lemma l2_bounded_matrixI:
  assumes "\<And>x. summable (\<lambda>i. (x i)\<^sup>2) \<Longrightarrow>
      (\<forall>k. summable (\<lambda>i. x i * c k i)) \<and>
      summable (\<lambda>k. (\<Sum>i. x i * c k i)\<^sup>2) \<and>
      (\<Sum>k. (\<Sum>i. x i * c k i)\<^sup>2) \<le> K\<^sup>2 * (\<Sum>i. (x i)\<^sup>2)"
  shows "l2_bounded_matrix c K"
  using assms unfolding l2_bounded_matrix_def by blast

lemma
  assumes "l2_bounded_matrix c K" and "summable (\<lambda>i. (x i)\<^sup>2)"
  shows l2_bounded_matrix_row_summable: "summable (\<lambda>i. x i * c k i)"
    and l2_bounded_matrix_summable: "summable (\<lambda>k. (\<Sum>i. x i * c k i)\<^sup>2)"
    and l2_bounded_matrix_suminf_le: "(\<Sum>k. (\<Sum>i. x i * c k i)\<^sup>2) \<le> K\<^sup>2 * (\<Sum>i. (x i)\<^sup>2)"
  using assms unfolding l2_bounded_matrix_def by blast+

lemma
  fixes c :: "nat \<Rightarrow> nat \<Rightarrow> real" and \<alpha> \<beta> :: "nat \<Rightarrow> real"
  assumes c: "\<And>k i. 0 \<le> c k i" and \<alpha>: "\<And>k. 0 < \<alpha> k" and \<beta>: "\<And>i. 0 < \<beta> i"
    and row: "\<And>i. summable (\<lambda>k. c k i * \<alpha> k)" and row_le: "\<And>i. (\<Sum>k. c k i * \<alpha> k) \<le> M1 * \<beta> i"
    and sx: "summable (\<lambda>i. (x i)\<^sup>2)"
  shows summable_schur_column: "summable (\<lambda>i. (x i)\<^sup>2 * c k i / \<beta> i)"
    and summable_schur_columns: "summable (\<lambda>k. \<alpha> k * (\<Sum>i. (x i)\<^sup>2 * c k i / \<beta> i))"
    and suminf_schur_columns_le: "(\<Sum>k. \<alpha> k * (\<Sum>i. (x i)\<^sup>2 * c k i / \<beta> i)) \<le> M1 * (\<Sum>i. (x i)\<^sup>2)"
proof -
  have entry_le: "c k i * \<alpha> k \<le> M1 * \<beta> i" for k i
    using sum_le_suminf[OF row, of "{k}" i] row_le[of i] c \<alpha> by (simp add: less_imp_le)
  show summable_y: "summable (\<lambda>i. (x i)\<^sup>2 * c k i / \<beta> i)" for k
  proof (rule summable_comparison_test[OF _ summable_mult[OF sx, of "M1 / \<alpha> k"]])
    have "c k i / \<beta> i \<le> M1 / \<alpha> k" for i
      using entry_le[of k i] \<alpha>[of k] \<beta>[of i] by (simp add: divide_simps mult.commute)
    then have "(x i)\<^sup>2 * c k i / \<beta> i \<le> M1 / \<alpha> k * (x i)\<^sup>2" for i
      using mult_left_mono[of "c k i / \<beta> i" "M1 / \<alpha> k" "(x i)\<^sup>2"] by (simp add: ac_simps)
    then show "\<exists>N. \<forall>i\<ge>N. norm ((x i)\<^sup>2 * c k i / \<beta> i) \<le> M1 / \<alpha> k * (x i)\<^sup>2"
      using c \<beta> by (auto simp: less_imp_le)
  qed
  define f where "f i k = (x i)\<^sup>2 / \<beta> i * (c k i * \<alpha> k)" for i k
  have f: "0 \<le> f i k" for i k unfolding f_def using c \<alpha> \<beta> by (simp add: less_imp_le)
  have summable_f: "summable (f i)" for i unfolding f_def by (intro summable_mult row)
  have suminf_f_le: "suminf (f i) \<le> M1 * (x i)\<^sup>2" for i
  proof -
    have "suminf (f i) = (x i)\<^sup>2 / \<beta> i * (\<Sum>k. c k i * \<alpha> k)"
      unfolding f_def by (rule suminf_mult[OF row])
    also have "\<dots> \<le> (x i)\<^sup>2 / \<beta> i * (M1 * \<beta> i)"
      by (rule mult_left_mono[OF row_le]) (use \<beta>[of i] in simp)
    finally show ?thesis using \<beta>[of i] by (simp add: mult.commute)
  qed
  have summable_row_sums: "summable (\<lambda>i. suminf (f i))"
    by (rule summable_comparison_test[OF _ summable_mult[OF sx, of M1]])
       (use suminf_f_le suminf_nonneg[OF summable_f f] in auto)
  have column_f: "(\<Sum>i. f i k) = \<alpha> k * (\<Sum>i. (x i)\<^sup>2 * c k i / \<beta> i)" for k
  proof -
    have "(\<lambda>i. f i k) = (\<lambda>i. \<alpha> k * ((x i)\<^sup>2 * c k i / \<beta> i))" unfolding f_def by (simp add: ac_simps)
    then show ?thesis using suminf_mult[OF summable_y[of k], of "\<alpha> k"] by simp
  qed
  show "summable (\<lambda>k. \<alpha> k * (\<Sum>i. (x i)\<^sup>2 * c k i / \<beta> i))"
    using summable_column_sums_of_nonneg[OF f summable_f summable_row_sums] by (simp add: column_f)
  have "(\<Sum>k. \<Sum>i. f i k) \<le> (\<Sum>i. \<Sum>k. f i k)"
    by (rule suminf_column_sums_le[OF f summable_f summable_row_sums])
  also have "\<dots> \<le> (\<Sum>i. M1 * (x i)\<^sup>2)"
    by (rule suminf_le[OF suminf_f_le summable_row_sums summable_mult[OF sx]])
  finally show "(\<Sum>k. \<alpha> k * (\<Sum>i. (x i)\<^sup>2 * c k i / \<beta> i)) \<le> M1 * (\<Sum>i. (x i)\<^sup>2)"
    by (simp add: column_f suminf_mult[OF sx])
qed

lemma schur_test:
  fixes c :: "nat \<Rightarrow> nat \<Rightarrow> real" and \<alpha> \<beta> :: "nat \<Rightarrow> real"
  assumes c: "\<And>k i. 0 \<le> c k i" and \<alpha>: "\<And>k. 0 < \<alpha> k" and \<beta>: "\<And>i. 0 < \<beta> i"
    and row: "\<And>i. summable (\<lambda>k. c k i * \<alpha> k)" and row_le: "\<And>i. (\<Sum>k. c k i * \<alpha> k) \<le> M1 * \<beta> i"
    and col: "\<And>k. summable (\<lambda>i. c k i * \<beta> i)" and col_le: "\<And>k. (\<Sum>i. c k i * \<beta> i) \<le> M2 * \<alpha> k"
    and M1: "0 \<le> M1" and M2: "0 \<le> M2"
  shows "l2_bounded_matrix c (sqrt (M1 * M2))"
proof (rule l2_bounded_matrixI)
  fix x :: "nat \<Rightarrow> real" assume sx: "summable (\<lambda>i. (x i)\<^sup>2)"
  define y where "y k = (\<Sum>i. (x i)\<^sup>2 * c k i / \<beta> i)" for k
  note summable_y = summable_schur_column[OF c \<alpha> \<beta> row row_le sx]
  have summable_columns: "summable (\<lambda>k. \<alpha> k * y k)"
    unfolding y_def by (rule summable_schur_columns[OF c \<alpha> \<beta> row row_le sx])
  have abs_row: "summable (\<lambda>i. \<bar>x i * c k i\<bar>)" for k
    by (rule summable_abs_mult_weighted[OF c \<beta> col summable_y])
  define b where "b k = (\<Sum>i. x i * c k i)" for k
  have b_sq_le: "(b k)\<^sup>2 \<le> M2 * (\<alpha> k * y k)" for k
  proof -
    have "\<bar>b k\<bar> \<le> (\<Sum>i. \<bar>x i * c k i\<bar>)" unfolding b_def by (rule summable_rabs[OF abs_row])
    then have "(b k)\<^sup>2 \<le> (\<Sum>i. \<bar>x i * c k i\<bar>)\<^sup>2"
      using power_mono[of "\<bar>b k\<bar>" _ 2] by simp
    also have "\<dots> \<le> (\<Sum>i. c k i * \<beta> i) * y k"
      unfolding y_def by (rule weighted_Cauchy_Schwarz_ineq_suminf[OF c \<beta> col summable_y])
    also have "\<dots> \<le> (M2 * \<alpha> k) * y k"
      by (rule mult_right_mono[OF col_le]) (use c \<beta> in \<open>auto simp: y_def less_imp_le intro!: suminf_nonneg summable_y\<close>)
    finally show ?thesis by (simp add: ac_simps)
  qed
  have summable_b_sq: "summable (\<lambda>k. (b k)\<^sup>2)"
    by (rule summable_comparison_test[OF _ summable_mult[OF summable_columns, of M2]])
       (use b_sq_le in auto)
  have "(\<Sum>k. (b k)\<^sup>2) \<le> M2 * (\<Sum>k. \<alpha> k * y k)"
    using suminf_le[OF b_sq_le summable_b_sq summable_mult[OF summable_columns]]
    by (simp add: suminf_mult[OF summable_columns])
  also have "\<dots> \<le> M2 * (M1 * (\<Sum>i. (x i)\<^sup>2))"
    unfolding y_def by (rule mult_left_mono[OF suminf_schur_columns_le[OF c \<alpha> \<beta> row row_le sx] M2])
  also have "\<dots> = (sqrt (M1 * M2))\<^sup>2 * (\<Sum>i. (x i)\<^sup>2)" using M1 M2 by simp
  finally have "(\<Sum>k. (b k)\<^sup>2) \<le> (sqrt (M1 * M2))\<^sup>2 * (\<Sum>i. (x i)\<^sup>2)" .
  with summable_b_sq summable_rabs_cancel[OF abs_row]
  show "(\<forall>k. summable (\<lambda>i. x i * c k i)) \<and> summable (\<lambda>k. (\<Sum>i. x i * c k i)\<^sup>2) \<and>
      (\<Sum>k. (\<Sum>i. x i * c k i)\<^sup>2) \<le> (sqrt (M1 * M2))\<^sup>2 * (\<Sum>i. (x i)\<^sup>2)"
    unfolding b_def by blast
qed

lemma stochastic_matrixD:
  assumes "stochastic_matrix p"
  shows "0 \<le> p i k" and "summable (p i)" and "suminf (p i) = 1"
  using assms unfolding stochastic_matrix_def by (auto intro: sums_summable sums_unique[symmetric])

text \<open>Each image coordinate is at most \<open>\<Sum>i. a i\<close> and, by Tonelli, so is the sum of all
  image coordinates; hence the sum of their squares is at most \<open>(\<Sum>i. a i)\<^sup>2\<close>.\<close>
lemma
  fixes a :: "nat \<Rightarrow> real"
  assumes p: "stochastic_matrix p" and a: "\<And>i. 0 \<le> a i" and sa: "summable a"
  shows summable_stochastic_image: "summable (\<lambda>i. a i * p i k)"
    and summable_stochastic_image_sq: "summable (\<lambda>k. (\<Sum>i. a i * p i k)\<^sup>2)"
    and suminf_stochastic_image_sq_le: "(\<Sum>k. (\<Sum>i. a i * p i k)\<^sup>2) \<le> (\<Sum>i. a i)\<^sup>2"
proof -
  define f where "f i k = a i * p i k" for i k
  have f: "0 \<le> f i k" for i k unfolding f_def using a stochastic_matrixD(1)[OF p] by simp
  have summable_f: "summable (f i)" for i
    unfolding f_def by (intro summable_mult stochastic_matrixD(2)[OF p])
  have row_sum: "suminf (f i) = a i" for i
    unfolding f_def using suminf_mult[OF stochastic_matrixD(2)[OF p]] stochastic_matrixD(3)[OF p] by simp
  define B where "B k = (\<Sum>i. f i k)" for k
  have B: "0 \<le> B k" for k unfolding B_def
    by (intro suminf_nonneg summable_column_of_nonneg[OF f summable_f] f) (simp add: row_sum sa)
  have summable_B: "summable B"
    unfolding B_def using summable_column_sums_of_nonneg[OF f summable_f] sa by (simp add: row_sum)
  have suminf_B: "(\<Sum>k. B k) \<le> (\<Sum>i. a i)"
    unfolding B_def using suminf_column_sums_le[OF f summable_f] sa by (simp add: row_sum)
  have B_sq_le: "(B k)\<^sup>2 \<le> (\<Sum>i. a i) * B k" for k
  proof -
    have "B k \<le> (\<Sum>i. a i)"
      using sum_le_suminf[OF summable_B, of "{k}"] B suminf_B by fastforce
    then show ?thesis using B[of k] by (simp add: power2_eq_square mult_right_mono)
  qed
  show "summable (\<lambda>i. a i * p i k)" for k
    using summable_column_of_nonneg[OF f summable_f] sa by (simp add: row_sum f_def)
  show summable_B_sq: "summable (\<lambda>k. (\<Sum>i. a i * p i k)\<^sup>2)"
    unfolding f_def[symmetric] B_def[symmetric]
    by (rule summable_comparison_test[OF _ summable_mult[OF summable_B]]) (use B_sq_le in auto)
  have "(\<Sum>k. (B k)\<^sup>2) \<le> (\<Sum>k. (\<Sum>i. a i) * B k)"
    by (rule suminf_le[OF B_sq_le _ summable_mult[OF summable_B]])
       (use summable_B_sq in \<open>simp add: B_def f_def\<close>)
  also have "\<dots> \<le> (\<Sum>i. a i) * (\<Sum>i. a i)"
    using suminf_mult[OF summable_B] suminf_B suminf_nonneg[OF sa a] by (simp add: mult_left_mono)
  finally show "(\<Sum>k. (\<Sum>i. a i * p i k)\<^sup>2) \<le> (\<Sum>i. a i)\<^sup>2"
    by (simp add: B_def f_def power2_eq_square)
qed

◆ Task objective ◆
Above are the entries. Copy exactly the part that opens with the line containing "proof (rule l2_bounded_matrixI)" and closes with the line containing "note summable_y = summable_schur_column[OF", and no more.

◆ Output below ◆
proof (rule l2_bounded_matrixI)
  fix x :: "nat \<Rightarrow> real" assume sx: "summable (\<lambda>i. (x i)\<^sup>2)"
  define y where "y k = (\<Sum>i. (x i)\<^sup>2 * c k i / \<beta> i)" for k
  note summable_y = summable_schur_column[OF c \<alpha> \<beta> row row_le sx]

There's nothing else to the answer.